I think the first time I saw Chris (the quietest of the three) truly come to life was driving from the airport to the hotel. If you have ever driven in India, you immediately identified with that sentence. Not only is it the craziest game of Chicken ever, but the poverty you see just driving through knocks the breath out of you. Especially the first time.

Seeing Tyler with the orphaned kids on the streets of Trichy was enough to bring anyone to tears. His gentle spirit, and concern for their feelings as he snapped photos and showed them, knowing this could be the first time they’ve ever seen themselves.

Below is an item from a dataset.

(* Consider the one-dimensional scalar conservation law $u_t+f(u)_x=0$ on $\Omega=[a,b]$ with periodic (or compactly supported) boundary conditions, and let $u_h(\cdot,t)\in V_h^k$ be the solution of the semi-discrete NOES-DG scheme described in the context. If for every cell $K_i$ the quantities satisfy $$\max\left\{\frac{F_i}{E_i},0\right\}<C\,\sigma_i^{jump},$$ then the scheme is entropy stable in the sense that $$\int_\Omega \partial_t u_h\, v_h\,\mathrm dx\le 0 .$$
   Context: Mesh: $a=x_{1/2}<x_{3/2}<\dots<x_{N+1/2}=b$, uniform, cells $K_i=[x_{i-1/2},x_{i+1/2}]$, $h=x_{i+1/2}-x_{i-1/2}$, midpoint $x_i$. For $k\ge 1$, $V_h^k=\{w: w|_{K_i}\in P^k(K_i)\ \forall i\}$. For $w\in V_h^k$, $w^{-}_{i+1/2}$ and $w^{+}_{i+1/2}$ denote the traces of $w$ at $x_{i+1/2}$ from $K_i$ and $K_{i+1}$, $[\![w]\!]_{i+1/2}=w^+_{i+1/2}-w^-_{i+1/2}$; with periodic boundary conditions cell indices are taken modulo $N$ (with compactly supported data the boundary flux contributions vanish). Entropy pair $(U,F)$: $U$ convex, $F'(u)=U'(u)f'(u)$; entropy variable $v(u)=U'(u)$ and $A(u)=U''(u)^{-1}\ge 0$. Numerical flux: local Lax–Friedrichs $\hat f(u^-,u^+)=\tfrac12[f(u^+)+f(u^-)]-\tfrac12\alpha(u^+-u^-)$, $\alpha=\max_{u \text{ between } u^-,u^+}|f'(u)|$, split as $\hat f=\hat f^C+\hat f^D$ with $\hat f^C=\tfrac12(f(u^+)+f(u^-))$, $\hat f^D=-\tfrac12\alpha(u^+-u^-)$; $\hat f_{i+1/2}=\hat f(u_h|^-_{i+1/2},u_h|^+_{i+1/2})$. Numerical entropy flux $\hat F(u^-,u^+)=\tfrac12(F(u^+)+F(u^-))$, $\hat F_{i+1/2}=\hat F(u_h|^-_{i+1/2},u_h|^+_{i+1/2})$. NOES-DG scheme: find $u_h(\cdot,t)\in V_h^k$ such that for all $w\in V_h^k$ and all $i$, $$\int_{K_i}\partial_t u_h\,w\,\mathrm dx=\int_{K_i}f(u_h)\,\partial_x w\,\mathrm dx-\hat f_{i+1/2}w^-_{i+1/2}+\hat f_{i-1/2}w^+_{i-1/2}-\sigma_i\int_{K_i}\nu_i\,\partial_x v_h\,A(u_h)\,\partial_x w\,\mathrm dx,$$ where $\nu_i(x)=1-\big(\tfrac{x-x_i}{h/2}\big)^2$, $v_h\in V_h^k$ is on each cell the degree-$k$ interpolant of $v(u_h)$ at the $k+1$ Gauss–Lobatto points of $K_i$ (so $v_h|^-_{i+1/2}=v(u_h|^-_{i+1/2})$ and $v_h|^+_{i-1/2}=v(u_h|^+_{i-1/2})$), and $\sigma_i=\max\{\sigma_i^{jump},\sigma_i^{entropy}\}$ with $\sigma_i^{jump}=c_f\big(h\|[\![u_h]\!]\|_{\partial K_i}+\sum_{l=1}^k l(l+1)h^{l+1}\|[\![\partial_x^l u_h]\!]\|_{\partial K_i}\big)$, $\|[\![\partial_x^lu_h]\!]\|_{\partial K_i}=|[\![\partial_x^lu_h]\!]_{i-1/2}|+|[\![\partial_x^lu_h]\!]_{i+1/2}|$, $c_f=c_0\max_{x\in K_i}|f'(u_h(x))|$ with a constant $c_0>0$; $\sigma_i^{entropy}=\min\{\max\{F_i/E_i,0\},\,C\sigma_i^{jump}\}$ with a constant $C>1$, where $E_i=\int_{K_i}\nu_i\,\partial_xv_h\,A(u_h)\,\partial_xv_h\,\mathrm dx$ and $F_i=\hat F_{i+1/2}-\hat F_{i-1/2}-\hat f^C_{i+1/2}v_h|^-_{i+1/2}+\hat f^C_{i-1/2}v_h|^+_{i-1/2}+\int_{K_i}f(u_h)\partial_xv_h\,\mathrm dx$. The integrals appearing in the scheme and those in $E_i$ and $F_i$ are evaluated in the same way (exactly, or with one and the same quadrature rule). *)

theory Defs
  imports "HOL-Analysis.Analysis" "HOL-Computational_Algebra.Polynomial"
begin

Then there is Avery. The only girl. My heart soared as I watched her connect with the children, but it was in her breaking heart that I rejoiced all the more. I saw it when it happened and I’ll remember it as long as I live. It involved an old woman with Leprosy who was in a local hospital. As she passed by the woman grabbed her and pulled her close to her. I’m not sure what she wanted… prayer, a hug… but she wanted to be seen. See me. Don’t pass by without seeing me.

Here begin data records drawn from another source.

lemma Limsup_of_int_in_posint_or_infinity:
  fixes g :: "'a \<Rightarrow> int"
  assumes "F \<noteq> bot" and "\<forall>x. g x \<ge> 1"
  shows "Limsup F (\<lambda>x. ereal (of_int (g x))) \<in> posint_or_infinity"
proof -
  let ?L = "Limsup F (\<lambda>x. ereal (of_int (g x)))"
  have ge: "1 \<le> ?L" by (rule le_Limsup[OF assms(1)]) (use assms(2) in auto)
  show ?thesis
  proof (cases ?L)
    case (real r)
    have "r = of_int \<lfloor>r\<rfloor>"
    proof (rule ccontr)
      assume ne: "r \<noteq> of_int \<lfloor>r\<rfloor>"
      have "?L < ereal (of_int (\<lfloor>r\<rfloor> + 1))" using real by simp
      then have "eventually (\<lambda>x. ereal (of_int (g x)) < ereal (of_int (\<lfloor>r\<rfloor> + 1))) F"
        by (rule Limsup_lessD)
      then have "eventually (\<lambda>x. ereal (of_int (g x)) \<le> ereal (of_int \<lfloor>r\<rfloor>)) F"
        by eventually_elim simp
      then have "?L \<le> ereal (of_int \<lfloor>r\<rfloor>)" by (rule Limsup_bounded)
      with real ne show False by simp linarith
    qed
    with real ge show ?thesis unfolding posint_or_infinity_def
      by (intro UnI1 CollectI exI[of _ "\<lfloor>r\<rfloor>"]) auto
  qed (use ge in \<open>simp_all add: posint_or_infinity_def\<close>)
qed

Avery hugged her and moved quickly out, unsure of what to do next. I swiftly moved in and prayed with the woman, all of those things you would pray for someone in that place.

Immediately in my head, over and over was a song by Hillsong United called “Hosanna”, with a lyric that goes:

“Heal my heart and make it clean. Open up my eyes to the things unseen. Show me how to love like You have loved me. Break my heart for what breaks Yours. Everything I am for Your kingdom’s cause. As I walk the world into eternity”.

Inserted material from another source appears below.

(* Let $K\ge 1$ be an integer, let $\Pi_1,\dots,\Pi_K$ be arbitrary probability distributions on $\mathcal{X}^1\times\mathcal{Y}$, let $(q_1,\dots,q_K)$ be a probability vector, let $\alpha\in(0,1)$, and let $n_1,\dots,n_K\ge 0$ be fixed (nonrandom) integers with $n=n_1+\dots+n_K$. Suppose the calibration data $(X_1,Y_1),\dots,(X_n,Y_n)$, with $X_i=(X_i^0,X_i^1)$, are generated independently as follows: for each $k\in[K]$ and each index $i\in\{n_1+\dots+n_{k-1}+1,\dots,n_1+\dots+n_k\}$, $X_i^0=k$ and $(X_i^1,Y_i)\sim\Pi_k$. Suppose the test point $(X_{n+1},Y_{n+1})$, $X_{n+1}=(X^0_{n+1},X^1_{n+1})$, is drawn independently of the calibration data from the distribution $Q$ given by $X^0_{n+1}\sim\textnormal{Multinomial}(q_1,\dots,q_K)$ (i.e. $\mathbb{P}\{X^0_{n+1}=k\}=q_k$) and $(X^1_{n+1},Y_{n+1})\mid X^0_{n+1}=k\ \sim\ \Pi_k$. Let $s:\mathcal{X}\times\mathcal{Y}\to\mathbb{R}$ be any fixed measurable score function, and let $\widehat{C}_n$ be the GWCP prediction set defined in the context. Then \[\mathbb{P}\left\{Y_{n+1}\in\widehat{C}_n(X_{n+1})\right\}\ \ge\ 1-\alpha-\max_{k:\,n_k>0}\{q_k/n_k\}.\]
   Context: Features are $x=(x^0,x^1)\in\mathcal{X}=[K]\times\mathcal{X}^1$, where $x^0\in[K]=\{1,\dots,K\}$ is the group label. For a probability distribution $\mu$ on $\mathbb{R}\cup\{+\infty\}$ and $\tau\in(0,1]$, $\textnormal{Quantile}_{\tau}(\mu)=\inf\{t\in\mathbb{R}\cup\{+\infty\}:\mu([-\infty,t])\ge\tau\}$; $\delta_s$ denotes the point mass at $s$. Given calibration data, set $s_i=s(X_i,Y_i)$, $n_k=\sum_{i\le n}\mathbf{1}\{X_i^0=k\}$, and $\widehat{P}^{(k)}_{\textnormal{score}}=\frac{1}{n_k}\sum_{i\le n:\,X_i^0=k}\delta_{s_i}$ if $n_k>0$, while $\widehat{P}^{(k)}_{\textnormal{score}}=\delta_{+\infty}$ if $n_k=0$. The group-weighted conformal prediction (GWCP) set is $\widehat{C}_n(x)=\{y\in\mathcal{Y}: s(x,y)\le\widehat{q}\}$ with $\widehat{q}=\textnormal{Quantile}_{1-\alpha}\big(\sum_{k=1}^K q_k\widehat{P}^{(k)}_{\textnormal{score}}\big)$. *)

theory Defs
  imports "HOL-Probability.Probability"
begin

For just a moment, God gave her His eyes. To see as He sees. He does that when we ask Him. But we are never ready for it. Not really.

Once we got to the orphanage, it was OVER! All three kids were lost to us. They belonged to the orphans. Nothing else really mattered but what they could do to make their lives better. What did those kids need?

They played with them, talked with them, held them, carried them on their shoulders, taught their English classes, and passed out countless sticks of gum.

When it was time to go dedicate their water project the excitement was over the top. Their village could not have been more appropriate, and as Avery’s mom described, could only have been Divinely picked. I agree. Hundreds of children. The largest village we had been to by far. The people lit fire crackers and played drums, and other instruments. It was an enormous celebration! When the kids spoke to the people they described how they worked to bring this project to fruition. Told them how much they mattered to them. That they cared about them… these three kids from America.

These three kids who, given opportunity and encouragement, changed the world forever.

“Get the word out. Teach all these things. And don’t let anyone put you down because you’re young. Teach believers with your life: by word, by demeanor, by love, by faith, by integrity.” 1 Timothy 4:11-12 MSG

One response to “Passionate Kids – They Exist”

  1. Kathy says:

    Val, you hit the nail on the head! You are so right, we keep our kids so busy that we neglect to hear them. As parents we do want our children to find passion in serving others. We cannot chose what we believe should be their passion but we can sit back and LISTEN. How can we truly allow them to experience passion, that overwhelming sense of emotion whether it be love, joy, sadness if it is what we as parents have chosen. Like you said Val, we must TRUST them. How do I know this? Well, I did learn the hard way and that began with Avery’s passion to serve the people of India. Yes, I was initially against Avery going to India; it was not my passion, it was inconvient and it would cost money. Shame on me! I saw her senior sevice project as one more assignment to complete before graduation. I wasn’t listening to her or God; she chose to go to India because she was passionate about it and wanted to put that passion into action. Wow! Who would have known that we would share in that passion and that I would learn so much from my daughter. HE truly works in mysterious ways! I have a younger daughter and Avery has already reminded me that I cannot decide what Jackie’s passion to serve may be. I’ll listen but I am praying that we two might return to India(let’s hope she doesn’t have a passion for stuffing envelopes!).